** EXERCISE DIRECTIONS **
Extract all of the entries and give them again, word for word.

[RECORDS SHOWN]

definition obs_vector :: "'a set set \<Rightarrow> 'a set \<Rightarrow> 'a \<Rightarrow> ('a set \<Rightarrow> real) \<Rightarrow> ('a \<Rightarrow> real)" where
  "obs_vector E Obs s \<omega> = (\<lambda>w\<in>Obs. infection_time E s w \<omega>)"

end

theory Submission
  imports Defs
begin

(* Fix an observer c adjacent to every class of R and call \<Union>R \<union> \<partial>R the star region. For an
  observer w let g w be the last vertex of the path from c to w lying in the star region; it is
  a boundary observer, because every neighbour of a vertex of a class of R is in the region.
  For every source s \<in> \<Union>R the path [s, w] is [s, g w] followed by [g w, w], where the
  first part uses only edges inside the star region and the second only edges outside it. So
  \<tau>(w) = \<tau>(g w) + (delays on [g w, w]), the boundary times are functions of the inside
  delays, and the outside delays are independent of them. Given boundary times v, the observer
  vector is thus the image of the outside delays under y \<mapsto> (v (g w) + sum of y on [g w, w])
  for w \<in> Obs, a kernel that does not involve s. *)

fun walk :: "'a set set \<Rightarrow> 'a list \<Rightarrow> bool" where
  "walk E [] \<longleftrightarrow> False"
| "walk E [x] \<longleftrightarrow> True"
| "walk E (x # y # xs) \<longleftrightarrow> {x, y} \<in> E \<and> walk E (y # xs)"

fun walk_edges :: "'a list \<Rightarrow> 'a set set" where
  "walk_edges [] = {}"
| "walk_edges [x] = {}"
| "walk_edges (x # y # xs) = insert {x, y} (walk_edges (y # xs))"

lemma walk_edges_conv_nth: "walk_edges p = (\<lambda>i. {p ! i, p ! Suc i}) ` {i. Suc i < length p}"
proof (induction p rule: walk_edges.induct)
  case (3 x y xs)
  have "{i. Suc i < length (x # y # xs)} = insert 0 (Suc ` {i. Suc i < length (y # xs)})"
    by (auto simp: image_iff less_Suc_eq_0_disj)
  then show ?case using 3 by (simp add: image_image)
qed auto

lemma walk_iff_nth: "walk E p \<longleftrightarrow> p \<noteq> [] \<and> (\<forall>i. Suc i < length p \<longrightarrow> {p ! i, p ! Suc i} \<in> E)"
  by (induction p rule: walk_edges.induct) (auto simp: less_Suc_eq_0_disj nth_Cons split: nat.splits)

lemma path_edges_eq_walk_edges: "path_edges E u v = walk_edges (tree_path E u v)"
  unfolding path_edges_def walk_edges_conv_nth Let_def by blast

lemma is_path_iff_walk: "is_path E p \<longleftrightarrow> walk E p \<and> distinct p"
  unfolding is_path_def walk_iff_nth by auto

lemma walk_not_Nil: "walk E p \<Longrightarrow> p \<noteq> []"
  by auto

lemma walk_append_iff: "walk E (xs @ y # ys) \<longleftrightarrow> walk E (xs @ [y]) \<and> walk E (y # ys)"
  by (induction xs rule: walk_edges.induct) auto

lemma walk_appendI: "walk E xs \<Longrightarrow> walk E ys \<Longrightarrow> {last xs, hd ys} \<in> E \<Longrightarrow> walk E (xs @ ys)"
proof (induction xs rule: walk_edges.induct)
  case (2 x)
  then show ?case by (cases ys) auto
qed auto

[/RECORDS SHOWN]

** RESPONSE TO THE EXERCISE **
definition obs_vector :: "'a set set \<Rightarrow> 'a set \<Rightarrow> 'a \<Rightarrow> ('a set \<Rightarrow> real) \<Rightarrow> ('a \<Rightarrow> real)" where
  "obs_vector E Obs s \<omega> = (\<lambda>w\<in>Obs. infection_time E s w \<omega>)"

end

theory Submission
  imports Defs
begin

(* Fix an observer c adjacent to every class of R and call \<Union>R \<union> \<partial>R the star region. For an
  observer w let g w be the last vertex of the path from c to w lying in the star region; it is
  a boundary observer, because every neighbour of a vertex of a class of R is in the region.
  For every source s \<in> \<Union>R the path [s, w] is [s, g w] followed by [g w, w], where the
  first part uses only edges inside the star region and the second only edges outside it. So
  \<tau>(w) = \<tau>(g w) + (delays on [g w, w]), the boundary times are functions of the inside
  delays, and the outside delays are independent of them. Given boundary times v, the observer
  vector is thus the image of the outside delays under y \<mapsto> (v (g w) + sum of y on [g w, w])
  for w \<in> Obs, a kernel that does not involve s. *)

fun walk :: "'a set set \<Rightarrow> 'a list \<Rightarrow> bool" where
  "walk E [] \<longleftrightarrow> False"
| "walk E [x] \<longleftrightarrow> True"
| "walk E (x # y # xs) \<longleftrightarrow> {x, y} \<in> E \<and> walk E (y # xs)"

fun walk_edges :: "'a list \<Rightarrow> 'a set set" where
  "walk_edges [] = {}"
| "walk_edges [x] = {}"
| "walk_edges (x # y # xs) = insert {x, y} (walk_edges (y # xs))"

lemma walk_edges_conv_nth: "walk_edges p = (\<lambda>i. {p ! i, p ! Suc i}) ` {i. Suc i < length p}"
proof (induction p rule: walk_edges.induct)
  case (3 x y xs)
  have "{i. Suc i < length (x # y # xs)} = insert 0 (Suc ` {i. Suc i < length (y # xs)})"
    by (auto simp: image_iff less_Suc_eq_0_disj)
  then show ?case using 3 by (simp add: image_image)
qed auto

lemma walk_iff_nth: "walk E p \<longleftrightarrow> p \<noteq> [] \<and> (\<forall>i. Suc i < length p \<longrightarrow> {p ! i, p ! Suc i} \<in> E)"
  by (induction p rule: walk_edges.induct) (auto simp: less_Suc_eq_0_disj nth_Cons split: nat.splits)

lemma path_edges_eq_walk_edges: "path_edges E u v = walk_edges (tree_path E u v)"
  unfolding path_edges_def walk_edges_conv_nth Let_def by blast

lemma is_path_iff_walk: "is_path E p \<longleftrightarrow> walk E p \<and> distinct p"
  unfolding is_path_def walk_iff_nth by auto

lemma walk_not_Nil: "walk E p \<Longrightarrow> p \<noteq> []"
  by auto

lemma walk_append_iff: "walk E (xs @ y # ys) \<longleftrightarrow> walk E (xs @ [y]) \<and> walk E (y # ys)"
  by (induction xs rule: walk_edges.induct) auto

lemma walk_appendI: "walk E xs \<Longrightarrow> walk E ys \<Longrightarrow> {last xs, hd ys} \<in> E \<Longrightarrow> walk E (xs @ ys)"
proof (induction xs rule: walk_edges.induct)
  case (2 x)
  then show ?case by (cases ys) auto
qed auto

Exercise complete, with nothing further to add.